# 3-cycle challenge



## mrCage (Sep 25, 2009)

Can you (or is it not possible) to make a corner or edge 3-cycle on the (3x3x3) cube with solely halfturns?? That means only <U2,D2,F2,B2,R2, L2> turns are allowed.

Per


----------



## blah (Sep 25, 2009)

I think I have an answer.

But just to be sure, is it the same as asking "is it possible to cycle (URB ULF DRF) or (UF UB DF) with only half turns?"


----------



## cmhardw (Sep 25, 2009)

mrCage said:


> Can you (or is it not possible) to make a corner or edge 3-cycle on the (3x3x3) cube with solely halfturns?? That means only <U2,D2,F2,B2,R2, L2> turns are allowed.
> 
> Per



I know half of the answer, but I'd rather not say anything yet. I think I know the other half of the answer, but I'm not 100% certain on a proof of impossibility / example algorithm for a cycle (so as not to give it away).

Chris


----------



## Stefan (Sep 25, 2009)

Edges:


Spoiler



R2 F2 R2 U2 R2 F2 R2 U2. Thanks to Ron's CubeSolver


Corners:


Spoiler



Impossible. Jaap says there are 663,552 positions and if I could 3-cycle corners, there'd be 1,990,656.


----------



## cmhardw (Sep 25, 2009)

Oh wow, Stefan already weighed in. Well, before checking his spoilers let me post my own.



Spoiler



Edges: R2 F2 R2 U2 R2 F2 R2 U2
As for corners I think it's impossible, but I don't have a proof for this. Also, if it is possible I don't have an algorithm for this either.
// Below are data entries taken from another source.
lemma single_expvec_eq_prod:
  "(single (expvec l) 1 :: 'k::comm_ring_1 mpoly) = (\<Prod>j<length l. Var j ^ (l ! j))"
proof -
  have single_sum: "single (\<Sum>j\<in>A. e j) 1 = (\<Prod>j\<in>A. single (e j) (1 :: 'k))"
    if "finite A" for A and e :: "nat \<Rightarrow> _"
    using that
  proof (induction A rule: finite_induct)
    case (insert x F)
    then show ?case
      by (simp add: mult_single flip: insert.IH)
  qed simp
  show ?thesis
    unfolding expvec_def Var_power by (rule single_sum) simp
qed

definition scaled_monomial :: "int \<Rightarrow> nat list \<Rightarrow> 'k::comm_ring_1 mpoly" where
  "scaled_monomial c l = single (expvec l) (of_int c)"

lemma scaled_monomial_eq_prod: "scaled_monomial c l = of_int c * (\<Prod>j<length l. Var j ^ (l ! j))"
  by (simp flip: single_expvec_eq_prod single_of_int add: scaled_monomial_def mult_single)

lemma lookup_scaled_monomial:
  "length l = length l' \<Longrightarrow> lookup (scaled_monomial c l) (expvec l') = (if l = l' then of_int c else 0)"
  by (simp add: scaled_monomial_def lookup_single when_def expvec_eq_iff)

lemma vars_in_scaled_monomial: "length l \<le> n \<Longrightarrow> vars_in {..<n} (scaled_monomial c l)"
  unfolding scaled_monomial_def by (intro vars_in_single keys_expvec)

lemma homog_scaled_monomial: "sum_list l = i \<Longrightarrow> homog i (scaled_monomial c l)"
  unfolding scaled_monomial_def by (rule homog_single) (simp add: mdeg_expvec)

lemma scaled_monomial_length_3: "scaled_monomial c [a, b, e] = of_int c * Var 0 ^ a * Var 1 ^ b * Var 2 ^ e"
  by (simp add: scaled_monomial_eq_prod lessThan_Suc eval_nat_numeral mult_ac)

lemma scaled_monomial_length_4:
  "scaled_monomial c [a, b, e, f] = of_int c * Var 0 ^ a * Var 1 ^ b * Var 2 ^ e * Var 3 ^ f"
  by (simp add: scaled_monomial_eq_prod lessThan_Suc eval_nat_numeral mult_ac)

lemma scaled_monomial_length_6:
  "scaled_monomial c [a, b, e, f, g, h] = of_int c * Var 0 ^ a * Var 1 ^ b * Var 2 ^ e * Var 3 ^ f * Var 4 ^ g * Var 5 ^ h"
  by (simp add: scaled_monomial_eq_prod lessThan_Suc eval_nat_numeral mult_ac)

definition set_vars_zero :: "nat set \<Rightarrow> 'k::comm_ring_1 mpoly \<Rightarrow> 'k mpoly" where
  "set_vars_zero Z p = Poly_Mapping.mapp (\<lambda>a c. if keys a \<inter> Z = {} then c else 0) p"

lemma lookup_set_vars_zero:
  "lookup (set_vars_zero Z p) a = (if keys a \<inter> Z = {} then lookup p a else 0)"
  by (simp add: set_vars_zero_def lookup_mapp when_def in_keys_iff)

lemma set_vars_zero_add: "set_vars_zero Z (p + q) = set_vars_zero Z p + set_vars_zero Z q"
  by (rule poly_mapping_eqI) (simp add: lookup_set_vars_zero lookup_add)

lemma set_vars_zero_uminus: "set_vars_zero Z (- p) = - set_vars_zero Z p"
  by (rule poly_mapping_eqI) (simp add: lookup_set_vars_zero)

lemma set_vars_zero_diff: "set_vars_zero Z (p - q) = set_vars_zero Z p - set_vars_zero Z q"
  by (rule poly_mapping_eqI) (simp add: lookup_set_vars_zero lookup_minus)

lemma set_vars_zero_sum: "set_vars_zero Z (sum f A) = (\<Sum>i\<in>A. set_vars_zero Z (f i))"
  by (rule poly_mapping_eqI) (simp add: lookup_set_vars_zero lookup_sum)

lemma set_vars_zero_single:
  "set_vars_zero Z (single a c) = (if keys a \<inter> Z = {} then single a c else 0)"
  by (rule poly_mapping_eqI) (simp add: lookup_set_vars_zero lookup_single when_def)

lemma set_vars_zero_mult: "set_vars_zero Z (p * q) = set_vars_zero Z p * set_vars_zero Z q"
proof -
  have "set_vars_zero Z p * set_vars_zero Z q
      = (\<Sum>x\<in>keys p. \<Sum>y\<in>keys q. set_vars_zero Z (single x (lookup p x)) * set_vars_zero Z (single y (lookup q y)))"
    by (subst (1 2) poly_mapping_sum_single)
       (simp add: set_vars_zero_sum sum_distrib_left sum_distrib_right sum.swap[of _ "keys q"])
  also have "\<dots> = (\<Sum>x\<in>keys p. \<Sum>y\<in>keys q. set_vars_zero Z (single (x + y) (lookup p x * lookup q y)))"
    by (intro sum.cong refl) (auto simp: set_vars_zero_single mult_single keys_add_nat_eq)
  also have "\<dots> = set_vars_zero Z (p * q)"
    by (simp add: mult_eq_sum_single[of p q] set_vars_zero_sum)
  finally show ?thesis ..
qed

lemma set_vars_zero_power: "set_vars_zero Z (p ^ k) = set_vars_zero Z p ^ k"
  by (induction k) (simp_all add: set_vars_zero_mult set_vars_zero_single flip: single_one)

lemma set_vars_zero_Var: "set_vars_zero Z (Var j) = (if j \<in> Z then 0 else Var j)"
  by (simp add: Var_def set_vars_zero_single)

lemmas set_vars_zero_simps = set_vars_zero_add set_vars_zero_uminus set_vars_zero_diff
  set_vars_zero_sum set_vars_zero_mult set_vars_zero_power set_vars_zero_Var

section \<open>The case d \<ge> 5\<close>

lemma binomial_power_mult_diff:
  fixes x y :: "'a::comm_ring_1"
  shows "(x + y) ^ Suc M * (x - y) = x ^ Suc (Suc M) - y ^ Suc (Suc M)
     + (\<Sum>k<Suc M. (of_nat (Suc M choose k) - of_nat (Suc M choose Suc k)) * x ^ Suc k * y ^ (Suc M - k))"
proof -
  define N where "N = Suc M"
  have bin: "(x + y) ^ N = (\<Sum>k\<le>N. of_nat (N choose k) * x ^ k * y ^ (N - k))"
    by (rule binomial_ring)
  have times_x: "(x + y) ^ N * x = (\<Sum>k<N. of_nat (N choose k) * x ^ Suc k * y ^ (N - k)) + x ^ Suc N"
  proof -
    have "(x + y) ^ N * x = (\<Sum>k\<le>N. of_nat (N choose k) * x ^ Suc k * y ^ (N - k))"
      by (simp add: bin sum_distrib_left sum_distrib_right mult_ac)
    then show ?thesis
      by (simp add: lessThan_Suc_atMost[symmetric])
  qed
  have times_y: "(x + y) ^ N * y = y ^ Suc N + (\<Sum>k<N. of_nat (N choose Suc k) * x ^ Suc k * y ^ (N - k))"
  proof -
    have "(x + y) ^ N * y = (\<Sum>k\<le>N. of_nat (N choose k) * x ^ k * y ^ Suc (N - k))"
      by (simp add: bin sum_distrib_left sum_distrib_right mult_ac)
    also have "\<dots> = y ^ Suc N + (\<Sum>k\<le>M. of_nat (N choose Suc k) * x ^ Suc k * y ^ Suc (N - Suc k))"
      unfolding N_def by (subst sum.atMost_Suc_shift) simp
    also have "(\<Sum>k\<le>M. of_nat (N choose Suc k) * x ^ Suc k * y ^ Suc (N - Suc k))
        = (\<Sum>k<N. of_nat (N choose Suc k) * x ^ Suc k * y ^ (N - k))"
      unfolding N_def lessThan_Suc_atMost[symmetric]
      by (intro sum.cong refl) (simp add: Suc_diff_le del: binomial_Suc_Suc)
    finally show ?thesis .
  qed
  have "(x + y) ^ N * (x - y) = (x + y) ^ N * x - (x + y) ^ N * y"
    by (simp add: right_diff_distrib)
  also have "\<dots> = x ^ Suc N - y ^ Suc N
      + (\<Sum>k<N. (of_nat (N choose k) - of_nat (N choose Suc k)) * x ^ Suc k * y ^ (N - k))"
    unfolding times_x times_y by (simp add: algebra_simps sum_subtractf)
  finally show ?thesis
    unfolding N_def .
qed

text \<open>All monomials of degree 2d - 2 in two variables except x^(d-1) y^(d-1) are divisible by a
  d-th power, and the coefficient of x^(d-1) y^(d-1) vanishes by antisymmetry.\<close>

lemma sum_power_mult_diff_in_ideal:
  assumes d: "2 \<le> d" and ij: "i < n" "j < n"
  shows "(Var i + Var j) ^ (2 * d - 3) * (Var i - Var j)
    \<in> ideal_gen n (powers_and_monomial n d e :: 'k::comm_ring_1 mpoly set)"
proof -
  define M where "M = 2 * d - 4"
  have NM: "2 * d - 3 = Suc M"
    using d by (simp add: M_def)
  let ?I = "ideal_gen n (powers_and_monomial n d e) :: 'k mpoly set"
  have in_S: "in_S n (c * Var i ^ a * Var j ^ b :: 'k mpoly)" if "vars_in {..<n} c" for c a b
    using that ij by (simp add: in_S_iff_vars_in vars_in_mult vars_in_power vars_in_Var)
  have high_i: "c * Var i ^ a * Var j ^ b \<in> ?I" if "d \<le> a" "vars_in {..<n} c" for c :: "'k mpoly" and a b
    using Var_power_multiple_in_ideal[OF ij(1) that(1) in_S[OF that(2), of 0 b]] by (simp add: mult_ac)
  have high_j: "c * Var i ^ a * Var j ^ b \<in> ?I" if "d \<le> b" "vars_in {..<n} c" for c :: "'k mpoly" and a b
    using Var_power_multiple_in_ideal[OF ij(2) that(1) in_S[OF that(2), of a 0]] by (simp add: mult_ac)
  have "Var i ^ Suc (Suc M) \<in> ?I" "Var j ^ Suc (Suc M) \<in> ?I"
    using high_i[of "Suc (Suc M)" 1 0] high_j[of "Suc (Suc M)" 1 0] d by (simp_all add: M_def)
  moreover have "(of_nat (Suc M choose k) - of_nat (Suc M choose Suc k)) * Var i ^ Suc k * Var j ^ (Suc M - k) \<in> ?I"
    if "k < Suc M" for k
  proof -
    consider "d \<le> Suc k" | "d \<le> Suc M - k" | "k = d - 2"
      using d that by (fastforce simp: M_def)
    then show ?thesis
    proof cases
      case 1
      then show ?thesis
        by (rule high_i) (intro vars_in_diff vars_in_const)
    next
      case 2
      then show ?thesis
        by (rule high_j) (intro vars_in_diff vars_in_const)
    next
      case 3
      then have "Suc M choose k = Suc M choose Suc k"
        using d by (subst binomial_symmetric) (auto simp: M_def)
      then show ?thesis
        by (simp add: zero_in_ideal_gen)
    qed
  qed
  ultimately show ?thesis
    unfolding NM binomial_power_mult_diff
    by (intro ideal_gen_add ideal_gen_diff ideal_gen_sum) auto
qed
@Stefan after reading his spoilers: Your corner argument hardly counts as a proof sir ;-) How could we make this rigorous?


----------



## Stefan (Sep 25, 2009)

Spoiler






cmhardw said:


> Your corner argument hardly counts as a proof sir ;-)


I know, but I didn't call it proof and Per also didn't ask for one. But yeah, I'm not happy with it. You can tell a riddle is good if I answer but have to cheat.


cmhardw said:


> How could we make this rigorous?


I'd say by understanding the corner constraints. I never understood Jaap's _"total twist of each tetrad is fixed"_, that's the part I'm missing.


----------



## qqwref (Sep 25, 2009)

Corners in half turn 3x3 keep in two orbits, so a 3-cycle must be in one of those orbits. There is really only one 'distinct' 3-cycle, i.e. UFL-UBR-DFR. However this creates at least one face where exactly one corner is wrong. From examining the possible states of a 2x2 with half turns only we know this is impossible. Hence we cannot do a corner 3-cycle with half turns only.


----------



## Stefan (Sep 25, 2009)

qqwref said:


> From examining the possible states of a 2x2 with half turns only *we know this is impossible*.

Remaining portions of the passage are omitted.